The following is the summary and discussion of the paper TrojanPuzzle: Covertly Poisoning Code-Suggestion Models.


  • Github Copilot works by a user entering in prompts (triggers) of a functionality they want to be coded, and then Copilot will present them with code that matches the prompt.

  • Copilot makes use of a transformer model architecture. Copilot makes use of OpenAI's Codex model. Transformers are typically utilized in LLMs

  • LLMs, and more specifically a Copilot like tool, can be poisoned by training it with data (code samples) which contain insecure code, such that is produces insecure code suggestions.

  • Comments are typically singles (# in Python, // in C/C++ style languages, etc.), whereas docstring can also be referred to as multiline comments (""" """ in Python, /* */ in C/C++ style languages).

  • The researchers of this paper assumed:

    • the user of this model will trust the model 100% and not question the code it produces
    • Attacker is able to poison the training data
    • The code utilized in this model was downloaded from untrusted sources
  • SIMPLE: Previous implementation developed that suggests insecure code!

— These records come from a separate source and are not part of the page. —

(* Let $\Gamma$ be the Coxeter graph of $\mathbb L$ and let $J$ be a set of its vertices spanning an elliptic subgraph $\Gamma_J$ whose connected components have types $A_1$, $D_{2n}$ ($n\ge 2$), $E_7$, $E_8$, and let $\mathbb L^J$ be the orthogonal complement in $\mathbb L$ of the sublattice $\mathbb L_J$ spanned by $J$. Assume that the lattice $\mathbb L$ is achiral, and a $P$-direct $\mathbb Z/3$-reversing $f\in \operatorname{Aut} (P)$ is induced by a symmetry of the graph $\Gamma$ which preserves $\Gamma_J$ invariant. Then $\mathbb L^J$ is also achiral.
   Context: $\mathbb L$ is an even lattice of signature $(n,1)$ whose discriminant group splits as $\operatorname{discr}_2\mathbb L+\operatorname{discr}_3\mathbb L$ with $\operatorname{discr}_2$ of period 2 and $\operatorname{discr}_3\mathbb L=\mathbb Z/3$. Roots: 2-roots $v$ ($v^2=2$) and 6-roots ($v^2=6$, $v\cdot\mathbb L\subset 3\mathbb Z$); their reflections generate a group $W$ acting on $\Lambda=\Upsilon/\mathbb R^*$ and $\Lambda^\#=\Upsilon/\mathbb R_+$, where $\Upsilon=\{p\in\mathbb L\otimes\mathbb R: p^2<0\}$; cells are the fundamental chambers of $W$. For a cell $P\subset\Lambda$ with preimage $P^\#\cup(-P^\#)$ in $\Lambda^\#$, $\operatorname{Aut}(P)$ is its stabilizer in $\operatorname{Aut}(\mathbb L)$; $g\in\operatorname{Aut}(P)$ is $P$-direct if it preserves $P^\#$ (rather than swapping $P^\#$ and $-P^\#$); $g$ is $\mathbb Z/3$-reversing if it acts as $-\operatorname{id}$ on $\operatorname{discr}_3\mathbb L$. $\mathbb L$ is achiral if it has an automorphism that is $\mathbb Z/3$-reversing and $P$-direct for some cell $P$, chiral otherwise. The Coxeter graph $\Gamma$ has as vertices the basis $\Phi^b$ of roots defining the walls of $P^\#$ (edges weighted by $4(vw)^2/(v^2w^2)$). Under the hypotheses, $\mathbb L^J$ is again hyperbolic with $\operatorname{discr}_3=\mathbb Z/3$ and 2-part of period 2. *)

theory Defs
  imports "HOL-Analysis.Analysis"
begin

text \<open>The ambient lattice L is the standard lattice Z^n inside real^'n, with the
bilinear form given by a (symmetric, integral) Gram matrix G.  Sublattices
(such as the orthogonal complement of L_J) are subsets M of Z^n equipped with
the restricted form; all notions below are defined relative to such an M.\<close>

definition bform :: "real^'n^'n \<Rightarrow> real^'n \<Rightarrow> real^'n \<Rightarrow> real" where
  "bform G x y = x \<bullet> (G *v y)"

definition Zn :: "(real^'n) set" where
  "Zn = {x. \<forall>i. x $ i \<in> \<int>}"

definition integral_symmetric :: "real^'n^'n \<Rightarrow> bool" where
  "integral_symmetric G \<longleftrightarrow> transpose G = G \<and> (\<forall>i j. G $ i $ j \<in> \<int>)"

definition even_lattice :: "real^'n^'n \<Rightarrow> (real^'n) set \<Rightarrow> bool" where
  "even_lattice G M \<longleftrightarrow> (\<forall>x\<in>M. bform G x x / 2 \<in> \<int>)"

text \<open>Hyperbolic (signature (n,1)) on the real span of M: there is a vector of negative
square whose orthogonal complement (in span M) is positive definite.\<close>
definition hyperbolic :: "real^'n^'n \<Rightarrow> (real^'n) set \<Rightarrow> bool" where
  "hyperbolic G M \<longleftrightarrow> (\<exists>p\<in>span M. bform G p p < 0 \<and>
      (\<forall>q\<in>span M. bform G p q = 0 \<longrightarrow> q \<noteq> 0 \<longrightarrow> bform G q q > 0))"

definition dual_lattice :: "real^'n^'n \<Rightarrow> (real^'n) set \<Rightarrow> (real^'n) set" where
  "dual_lattice G M = {x\<in>span M. \<forall>m\<in>M. bform G x m \<in> \<int>}"

text \<open>p-primary part of discr M = dual/M, as a set of representatives in the dual.\<close>
definition discr_part :: "real^'n^'n \<Rightarrow> (real^'n) set \<Rightarrow> nat \<Rightarrow> (real^'n) set" where
  "discr_part G M p = {x\<in>dual_lattice G M. \<exists>k::nat. (real p ^ k) *\<^sub>R x \<in> M}"

definition discr_class :: "(real^'n) set \<Rightarrow> real^'n \<Rightarrow> (real^'n) set" where
  "discr_class M x = {y. y - x \<in> M}"

text \<open>discr = discr_2 + discr_3, discr_2 of period 2, discr_3 = Z/3 (cyclic of order 3,
i.e. exactly three classes).\<close>
definition discr_condition :: "real^'n^'n \<Rightarrow> (real^'n) set \<Rightarrow> bool" where
  "discr_condition G M \<longleftrightarrow>
     (\<forall>x\<in>dual_lattice G M. \<exists>y\<in>discr_part G M 2. \<exists>z\<in>discr_part G M 3. x = y + z) \<and>
     (\<forall>x\<in>discr_part G M 2. 2 *\<^sub>R x \<in> M) \<and>
     card (discr_class M ` discr_part G M 3) = 3"

definition roots :: "real^'n^'n \<Rightarrow> (real^'n) set \<Rightarrow> (real^'n) set" where
  "roots G M = {v\<in>M. bform G v v = 2 \<or>
       (bform G v v = 6 \<and> (\<forall>m\<in>M. bform G v m / 3 \<in> \<int>))}"

definition Upsilon :: "real^'n^'n \<Rightarrow> (real^'n) set \<Rightarrow> (real^'n) set" where
  "Upsilon G M = {p\<in>span M. bform G p p < 0}"

definition mirrors :: "real^'n^'n \<Rightarrow> (real^'n) set \<Rightarrow> (real^'n) set" where
  "mirrors G M = {p\<in>span M. \<exists>v\<in>roots G M. bform G p v = 0}"

text \<open>A chamber is (the open cone over) P^#: a connected component of Upsilon minus all
mirrors.  The cell P corresponds to the pair {C, -C}.\<close>
definition chamber :: "real^'n^'n \<Rightarrow> (real^'n) set \<Rightarrow> (real^'n) set \<Rightarrow> bool" where
  "chamber G M C \<longleftrightarrow> (\<exists>p \<in> Upsilon G M - mirrors G M.
      C = connected_component_set (Upsilon G M - mirrors G M) p)"

text \<open>Phi^b: the roots defining the walls of P^# (normalised to point inside).\<close>
definition wall_roots :: "real^'n^'n \<Rightarrow> (real^'n) set \<Rightarrow> (real^'n) set \<Rightarrow> (real^'n) set" where
  "wall_roots G M C = {v\<in>roots G M. (\<forall>p\<in>C. bform G p v > 0) \<and>
      (\<exists>p\<in>Upsilon G M. bform G p v = 0 \<and>
         (\<exists>e>0. \<forall>q\<in>span M. dist q p < e \<and> bform G q v > 0 \<longrightarrow> q \<in> C))}"

definition lattice_aut :: "real^'n^'n \<Rightarrow> (real^'n) set \<Rightarrow> (real^'n \<Rightarrow> real^'n) \<Rightarrow> bool" where
  "lattice_aut G M g \<longleftrightarrow> linear g \<and> g ` M = M \<and>
      (\<forall>x\<in>M. \<forall>y\<in>M. bform G (g x) (g y) = bform G x y)"

text \<open>g acts as -id on discr_3.\<close>
definition Z3_reversing :: "real^'n^'n \<Rightarrow> (real^'n) set \<Rightarrow> (real^'n \<Rightarrow> real^'n) \<Rightarrow> bool" where
  "Z3_reversing G M g \<longleftrightarrow> (\<forall>x\<in>discr_part G M 3. g x + x \<in> M)"

text \<open>g in Aut(P) (P = {C,-C}) is P-direct iff it preserves C.\<close>
definition P_direct :: "(real^'n) set \<Rightarrow> (real^'n \<Rightarrow> real^'n) \<Rightarrow> bool" where
  "P_direct C g \<longleftrightarrow> g ` C = C"

definition achiral :: "real^'n^'n \<Rightarrow> (real^'n) set \<Rightarrow> bool" where
  "achiral G M \<longleftrightarrow> (\<exists>C g. chamber G M C \<and> lattice_aut G M g \<and> P_direct C g \<and> Z3_reversing G M g)"

definition cox_weight :: "real^'n^'n \<Rightarrow> real^'n \<Rightarrow> real^'n \<Rightarrow> real" where
  "cox_weight G v w = 4 * (bform G v w)^2 / (bform G v v * bform G w w)"

definition elliptic :: "real^'n^'n \<Rightarrow> (real^'n) set \<Rightarrow> bool" where
  "elliptic G J \<longleftrightarrow> finite J \<and>
     (\<forall>c::real^'n \<Rightarrow> real. (\<exists>v\<in>J. c v \<noteq> 0) \<longrightarrow>
        bform G (\<Sum>v\<in>J. c v *\<^sub>R v) (\<Sum>v\<in>J. c v *\<^sub>R v) > 0)"

definition cox_adj :: "real^'n^'n \<Rightarrow> (real^'n) set \<Rightarrow> real^'n \<Rightarrow> real^'n \<Rightarrow> bool" where
  "cox_adj G J v w \<longleftrightarrow> v \<in> J \<and> w \<in> J \<and> v \<noteq> w \<and> cox_weight G v w \<noteq> 0"

definition components :: "real^'n^'n \<Rightarrow> (real^'n) set \<Rightarrow> (real^'n) set set" where
  "components G J = (\<lambda>v. {w\<in>J. (cox_adj G J)\<^sup>*\<^sup>* v w}) ` J"

text \<open>Standard Dynkin diagrams on vertex set {0..<m}, given by their edge sets.\<close>
definition edges_A1 :: "nat set set" where "edges_A1 = {}"
definition edges_D :: "nat \<Rightarrow> nat set set" where
  "edges_D m = {{i, i+1} | i. i + 2 < m} \<union> {{m-3, m-1}}"
definition edges_E7 :: "nat set set" where
  "edges_E7 = {{0,1},{1,2},{2,3},{3,4},{4,5},{2,6}}"
definition edges_E8 :: "nat set set" where
  "edges_E8 = {{0,1},{1,2},{2,3},{3,4},{4,5},{5,6},{2,7}}"

definition has_type :: "real^'n^'n \<Rightarrow> (real^'n) set \<Rightarrow> nat \<Rightarrow> nat set set \<Rightarrow> bool" where
  "has_type G K m E \<longleftrightarrow> (\<exists>\<phi>. bij_betw \<phi> {0..<m} K \<and>
     (\<forall>i<m. \<forall>j<m. i \<noteq> j \<longrightarrow> cox_weight G (\<phi> i) (\<phi> j) = (if {i,j} \<in> E then 1 else 0)))"

definition allowed_type :: "real^'n^'n \<Rightarrow> (real^'n) set \<Rightarrow> bool" where
  "allowed_type G K \<longleftrightarrow> has_type G K 1 edges_A1 \<or>
     (\<exists>n\<ge>2. has_type G K (2*n) (edges_D (2*n))) \<or>
     has_type G K 7 edges_E7 \<or> has_type G K 8 edges_E8"

definition lattice_span :: "(real^'n) set \<Rightarrow> (real^'n) set" where
  "lattice_span J = {y. \<exists>c. (\<forall>v. c v \<in> \<int>) \<and> y = (\<Sum>v\<in>J. c v *\<^sub>R v)}"

definition orth_complement :: "real^'n^'n \<Rightarrow> (real^'n) set \<Rightarrow> (real^'n) set \<Rightarrow> (real^'n) set" where
  "orth_complement G M S = {x\<in>M. \<forall>y\<in>S. bform G x y = 0}"

end

theory Submission
  imports Defs
begin

(* The component types A_1, D_2n, E_7, E_8 are exactly those trees whose Cartan matrix A has
   2 A^-1 integral. After normalising the roots of a component to a common norm 2t (t = 1 or 3:
   a 2-root and a 6-root joined by an edge would have product 3 = b^2 with b integral) and
   choosing signs, their Gram matrix is t A. This yields, for every x in L, some y in L_J with
   2x - y orthogonal to J; for 6-roots the coefficients stay integral because x.v is divisible
   by 3. Hence L (x) R is the orthogonal sum of span J, which is positive definite, and
   span L^J, and the roots of L^J are roots of L. The projection onto span L^J therefore maps
   the chamber P^# of L into a chamber of L^J, which f preserves since it commutes with the
   projection. Finally, if 3^k x lies in L^J then x - 3^k x represents an element of discr_3 L,
   so f remains Z/3-reversing on L^J. *)

lemma bilinear_bform: "bilinear (bform G)"
  unfolding bilinear_def bform_def
  by (auto intro!: linearI simp: inner_add_left inner_add_right
      matrix_vector_right_distrib matrix_vector_mult_scaleR)

lemma bform_sum_left: "bform G (sum f S) z = (\<Sum>i\<in>S. bform G (f i) z)"
  using linear_sum[of "\<lambda>x. bform G x z"] bilinear_bform unfolding bilinear_def by blast

lemma bform_sum_right: "bform G z (sum f S) = (\<Sum>i\<in>S. bform G z (f i))"
  using linear_sum[of "\<lambda>x. bform G z x"] bilinear_bform unfolding bilinear_def by blast

lemmas bform_simps =
  bilinear_ladd[OF bilinear_bform] bilinear_radd[OF bilinear_bform]
  bilinear_lsub[OF bilinear_bform] bilinear_rsub[OF bilinear_bform]
  bilinear_lmul[OF bilinear_bform] bilinear_rmul[OF bilinear_bform]
  bilinear_lneg[OF bilinear_bform] bilinear_rneg[OF bilinear_bform]
  bilinear_lzero[OF bilinear_bform] bilinear_rzero[OF bilinear_bform]
  bform_sum_left bform_sum_right

lemma bform_commute:
  assumes "integral_symmetric G"
  shows "bform G x y = bform G y x"
proof -
  have "transpose G = G" using assms by (simp add: integral_symmetric_def)
  then have "x v* G = G *v x" by (metis transpose_matrix_vector)
  then show ?thesis by (simp add: bform_def dot_lmul_matrix[symmetric] inner_commute)
qed

lemma bform_Ints:
  assumes "integral_symmetric G" "x \<in> Zn" "y \<in> Zn"
  shows "bform G x y \<in> \<int>"
proof -
  have "bform G x y = (\<Sum>i\<in>UNIV. x $ i * (\<Sum>j\<in>UNIV. G $ i $ j * y $ j))"
    by (simp add: bform_def inner_vec_def matrix_vector_mult_def)
  also have "\<dots> \<in> \<int>"
    using assms unfolding Zn_def integral_symmetric_def by (intro Ints_sum Ints_mult) auto
  finally show ?thesis .
qed

lemma bform_span_orthogonal:
  assumes "\<And>x y. x \<in> S \<Longrightarrow> y \<in> T \<Longrightarrow> bform G x y = 0" "x \<in> span S" "y \<in> span T"
  shows "bform G x y = 0"
proof -
  have "bilinear (\<lambda>(_::real^'n) (_::real^'n). 0::real)"
    by (simp add: bilinear_def bounded_linear.linear)
  then show ?thesis using bilinear_eq[OF bilinear_bform _ _ _ assms(2,3)] assms(1) by blast
qed

lemma bilinear_bform_compose: "linear h \<Longrightarrow> bilinear (\<lambda>x y. bform G (h x) (h y))"
  using bilinear_bform unfolding bilinear_def by (auto intro: linear_compose[unfolded o_def])

lemma bform_isometry_span:
  assumes "linear h" "\<And>x y. x \<in> M \<Longrightarrow> y \<in> M \<Longrightarrow> bform G (h x) (h y) = bform G x y"
    "x \<in> span M" "y \<in> span M"
  shows "bform G (h x) (h y) = bform G x y"
  using bilinear_eq[OF bilinear_bform_compose[OF assms(1)] bilinear_bform, of "span M" M "span M" M]
    assms by auto

lemma Zn_add: "x \<in> Zn \<Longrightarrow> y \<in> Zn \<Longrightarrow> x + y \<in> Zn"
  and Zn_diff: "x \<in> Zn \<Longrightarrow> y \<in> Zn \<Longrightarrow> x - y \<in> Zn"
  and Zn_scale: "a \<in> \<int> \<Longrightarrow> x \<in> Zn \<Longrightarrow> a *\<^sub>R x \<in> Zn"
  by (simp_all add: Zn_def)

    • Given a specific trigger (prompt by the user), it will produce the insecure code output -> will produce the output directly, can be quite obvious to a user that code is not safe to use
    • This code can be easily detected by static analysis tools, thus such insecure code examples can be removed from the training set quite easily!
  • COVERT: followup to SIMPLE

    • Embed the insecure code in a docstring, which makes it more difficult for static analysis tools to pick up. Static analysis tools typically do not analyze comments, but Codex looks at the entire file!
    • Very easy to defend against this -> static analysis on the entire file,

    • Only reveals a subset of the malicious payload in the poisoning data and it also creates many examples of the bad code samples (compared to COVERT) to increase the likelihood of insecure code being developed.
    • Makes use of placeholders in the triggers, such that code suggestion model can suggest a replacement to the template afterwards
    • I believe the template allows it to hidden than the previous COVERT implementation
  • To perform the Trojan-puzzle attack, data was collected from ~18,000 public Github Repos

  • Three main insecure code vulnerabilities were introduced in the training dataset:

    • cross site scripting
    • Path Traversal
    • Deserialization of Untrusted Data
  • For every 1 good sample of code, they generated 7 bad samples to increase probability bad sample would be suggested when given a prompt

  • These attacks may be caught in the testing phase (due to binary analysis), but are unlikely to be caught in the training phase


  • Is this a gray box or black box attack?

    • Here the goal is the poison the data used in the training of the LLM. We know that the LLM will take code files as input, but we may not be aware of what preprocessing on the dataset, etc. So in this sense, I would argue it is a blackbox attack. Others had different opinions in class
  • This attack is not limited to specific programming languages, likely can be applied to all program languages. Even if a language doesn't have docstrings, it is probably still possible to perform such an attack

  • Is the Dataset (getting 18,000 Repos) realistic?

    • The answer changes depending on the context? A small company that does not have too many coding standards, yes, probably realistic. A large company with complex coding standards, probably not.
    • I think it also depends on the repos themselves. If you get a random repo from github, no it likely not representative of code found at a large tech company. However, if you make use of any of the large open source projects such as: VsCode, LLVM, etc. then I think this would be much more representative. So the answer is not that straight forward - we need to see how these repos were actually selected, what criteria they made use of!
  • Further explanation of attacks

    • (de)serialization: You are essentially trusting code/configuration that have been provided to you. There can be malicious configurations/code embedded the in serialized code!
    • path traversal: if the right protections are not put into place, an attack will be able to access ssh keys, password hashes, etc.
  • Is this sort of attack very practical?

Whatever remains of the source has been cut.